In the upload page, the user inputs an audio file in the form of an mp3 or wav file, which is then processed in our backend using python and google cloud speech-to-text api to output an automatically edited clip without any filler words like 'uhhh'. It also gives speech insights on the audio clip, such as the pace, the eloquence, the word choice, the pronunciation, and the intonation, as well as an overall score. Lastly, it gives NLP insights as well to detect active vs passive voice.
In the realtime analytics page, the user can record audio in realtime, which is then processed in our backend using python and google cloud speech-to-text api to output an automatically edited clip without any filler words like 'uhhh'. It also gives speech insights on the audio clip, such as the pace, the eloquence, the word choice, the pronunciation, and the intonation, as well as an overall score. Lastly, it gives NLP insights as well to detect active vs passive voice. Users can also get realtime video analysis on their body posture and hand gestures via posenet and tensorflow.
Lastly, we have a statistics page incorporating charts.js to show interactive graphs and visualizations for all the collected metrics, allowing users to gauge their progress over time.
How we built it
- Google Cloud speech API for speech to text to find important keywords
- FFMPEG for removing the filler sounds based on Google Cloud data
- Amazon EC2 for backend server hosting and functions/endpoints
- Amazon S3 for react web app hosting
- Python + Flask for backend functions
- React.js for frontend
- Tensorflow.js + Posenet for live camera integrations and video analysis
- Google Cloud Serverless Functions for initial login/register endpoints
Challenges we ran into
- We had dependencies such as FFMPEG, so we decided to switch to a full-fledged Ubuntu server on Amazon EC2, as opposed to a serverless architecture. This was indeed a challenging transition.

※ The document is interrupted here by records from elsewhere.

definition orth_proj :: "('a::euclidean_space) set \<Rightarrow> 'a \<Rightarrow> 'a" where
  "orth_proj S y = (THE q. q \<in> span S \<and> (\<forall>w\<in>span S. (y - q) \<bullet> w = 0))"

definition Rsq :: "(nat \<Rightarrow> real^'n) \<Rightarrow> nat \<Rightarrow> real^'n \<Rightarrow> real" where
  "Rsq c q y = (y \<bullet> orth_proj (c ` {..<q}) y) / (y \<bullet> y)"

definition ones :: "real^'n" where "ones = (\<chi> a. 1)"

end

theory Submission
  imports Defs
begin

text \<open>Write \<open>y\<^sub>N = u\<^sub>N + w\<close> with \<open>u\<^sub>N = X\<^sub>1 \<beta>\<^sub>1(N)\<close> in the column space of
  \<open>X\<^sub>1\<close> and \<open>w\<close> fixed. Full column rank gives \<open>\<parallel>\<beta>\<^sub>1(N)\<parallel> \<le> K \<parallel>u\<^sub>N\<parallel>\<close>, so
  \<open>\<parallel>u\<^sub>N\<parallel> \<rightarrow> \<infinity>\<close>. Since \<open>P\<^sub>1 u\<^sub>N = u\<^sub>N\<close>, \<open>R\<^sub>1\<^sup>2 = \<parallel>u\<^sub>N + P\<^sub>1 w\<parallel>\<^sup>2 / \<parallel>u\<^sub>N + w\<parallel>\<^sup>2\<close>,
  and both norms are \<open>\<parallel>u\<^sub>N\<parallel> + O(1)\<close>. For \<open>i \<noteq> 1\<close> block orthogonality gives
  \<open>P\<^sub>i u\<^sub>N = 0\<close>, so the numerator \<open>\<parallel>P\<^sub>i w\<parallel>\<^sup>2\<close> of \<open>R\<^sub>i\<^sup>2\<close> is fixed while the denominator
  diverges.\<close>

lemma orth_proj_eqI:
  fixes S :: "'a::euclidean_space set"
  assumes q: "q \<in> span S" and residual: "\<And>v. v \<in> span S \<Longrightarrow> (y - q) \<bullet> v = 0"
  shows "orth_proj S y = q"
  unfolding orth_proj_def
proof (rule the_equality)
  fix q' assume q': "q' \<in> span S \<and> (\<forall>v\<in>span S. (y - q') \<bullet> v = 0)"
  have "q - q' \<in> span S" using q q' span_diff by blast
  then have "(y - q') \<bullet> (q - q') = 0" "(y - q) \<bullet> (q - q') = 0" using q' residual by auto
  then have "(q - q') \<bullet> (q - q') = 0" by (simp add: inner_diff_left inner_diff_right)
  then show "q' = q" by simp
qed (use assms in blast)

lemma orth_proj_spec:
  fixes S :: "'a::euclidean_space set"
  shows "orth_proj S y \<in> span S"
    and "v \<in> span S \<Longrightarrow> (y - orth_proj S y) \<bullet> v = 0"
proof -
  obtain a z where a: "a \<in> span S" and z: "\<And>v. v \<in> span S \<Longrightarrow> orthogonal z v" and "y = a + z"
    using orthogonal_subspace_decomp_exists by blast
  then have residual: "\<And>v. v \<in> span S \<Longrightarrow> (y - a) \<bullet> v = 0" by (simp add: orthogonal_def)
  have "orth_proj S y = a" using orth_proj_eqI[OF a residual] .
  then show "orth_proj S y \<in> span S" and "v \<in> span S \<Longrightarrow> (y - orth_proj S y) \<bullet> v = 0"
    using a residual by auto
qed

lemma inner_orth_proj_self:
  fixes S :: "'a::euclidean_space set"
  shows "y \<bullet> orth_proj S y = (norm (orth_proj S y))\<^sup>2"
proof -
  have "(y - orth_proj S y) \<bullet> orth_proj S y = 0" using orth_proj_spec by blast
  then show ?thesis by (simp add: inner_diff_left power2_norm_eq_inner)
qed

lemma orth_proj_add:
  fixes S :: "'a::euclidean_space set"
  shows "orth_proj S (x + y) = orth_proj S x + orth_proj S y"
proof (rule orth_proj_eqI)
  show "orth_proj S x + orth_proj S y \<in> span S" using orth_proj_spec(1) span_add by blast
  fix v assume "v \<in> span S"
  then have "(x - orth_proj S x) \<bullet> v = 0" "(y - orth_proj S y) \<bullet> v = 0" using orth_proj_spec(2) by blast+
  then show "(x + y - (orth_proj S x + orth_proj S y)) \<bullet> v = 0"
    by (simp add: inner_diff_left inner_add_left)
qed

lemma orth_proj_span:
  fixes S :: "'a::euclidean_space set"
  assumes "x \<in> span S"
  shows "orth_proj S x = x"
  using assms by (intro orth_proj_eqI) auto

lemma orth_proj_orthogonal:
  fixes S :: "'a::euclidean_space set"
  assumes "\<And>v. v \<in> S \<Longrightarrow> x \<bullet> v = 0"
  shows "orth_proj S x = 0"
proof (rule orth_proj_eqI)
  fix v assume "v \<in> span S"
  then have "orthogonal x v" by (rule orthogonal_to_span) (use assms in \<open>simp add: orthogonal_def\<close>)
  then show "(x - 0) \<bullet> v = 0" by (simp add: orthogonal_def)
qed (rule span_zero)

lemma block_mult_in_span: "block_mult c q d \<in> span (c ` {..<q})"
  unfolding block_mult_def by (intro span_sum span_scale span_base) auto

lemma block_mult_orthogonal:
  assumes "\<And>j. j < q \<Longrightarrow> c j \<bullet> v = 0"
  shows "block_mult c q d \<bullet> v = 0"
  unfolding block_mult_def inner_sum_left using assms by (intro sum.neutral) auto

lemma block_full_rank_of_joint_full_rank:
  fixes col :: "nat \<Rightarrow> nat \<Rightarrow> real^'n"
  assumes "finite I" and "m \<in> I"
    and joint: "\<And>c. (\<Sum>i\<in>I. block_mult (col i) (p i) (c i)) = 0 \<Longrightarrow> \<forall>i\<in>I. \<forall>j<p i. c i j = 0"
    and "block_mult (col m) (p m) d = 0" and "j < p m"
  shows "d j = 0"
proof -
  define c where "c i = (if i = m then d else (\<lambda>_. 0))" for i
  have "(\<Sum>i\<in>I. block_mult (col i) (p i) (c i)) = (\<Sum>i\<in>I. if i = m then block_mult (col m) (p m) d else 0)"
    by (intro sum.cong) (auto simp: c_def block_mult_def)
  also have "\<dots> = 0" using assms by simp
  finally have "\<forall>i\<in>I. \<forall>j<p i. c i j = 0" by (rule joint)
  then have "c m j = 0" using \<open>m \<in> I\<close> \<open>j < p m\<close> by blast
  then show ?thesis by (simp add: c_def)
qed

context
  fixes c :: "nat \<Rightarrow> real^'n" and q :: nat
  assumes full_rank: "\<And>d j. block_mult c q d = 0 \<Longrightarrow> j < q \<Longrightarrow> d j = 0"
begin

- Successfully hosting our backend on EC2, and serving our endpoints from there
- Integration Posenet successfully with our live webcam stream
- Getting FFMPEG to work seamlessly with the audio integration
- Getting the react front-end to be responsive
- Filtering algorithms for making the models more accurate
Accomplishments that we're proud of
- Successfully transitioning to an Amazon EC2 server from the google cloud functions serverless architecture
- Getting everything integrated
- Getting everything hosted with EC2 working seamlessly
- Getting Posenet to work and give accurate insights
- Making the UI responsive and clean
- Getting the audio cropping to work.
What we learned
- We learned how to use Tensorflow.js and Posenet with a live webcam
- Google cloud speech and audio processing
- Amazon EC2 and S3
What's next for Fluent
- Improving speech models, making it more efficient and refined.
- Improving the Posenet insights.
- Improving and making more rigorous NLP models.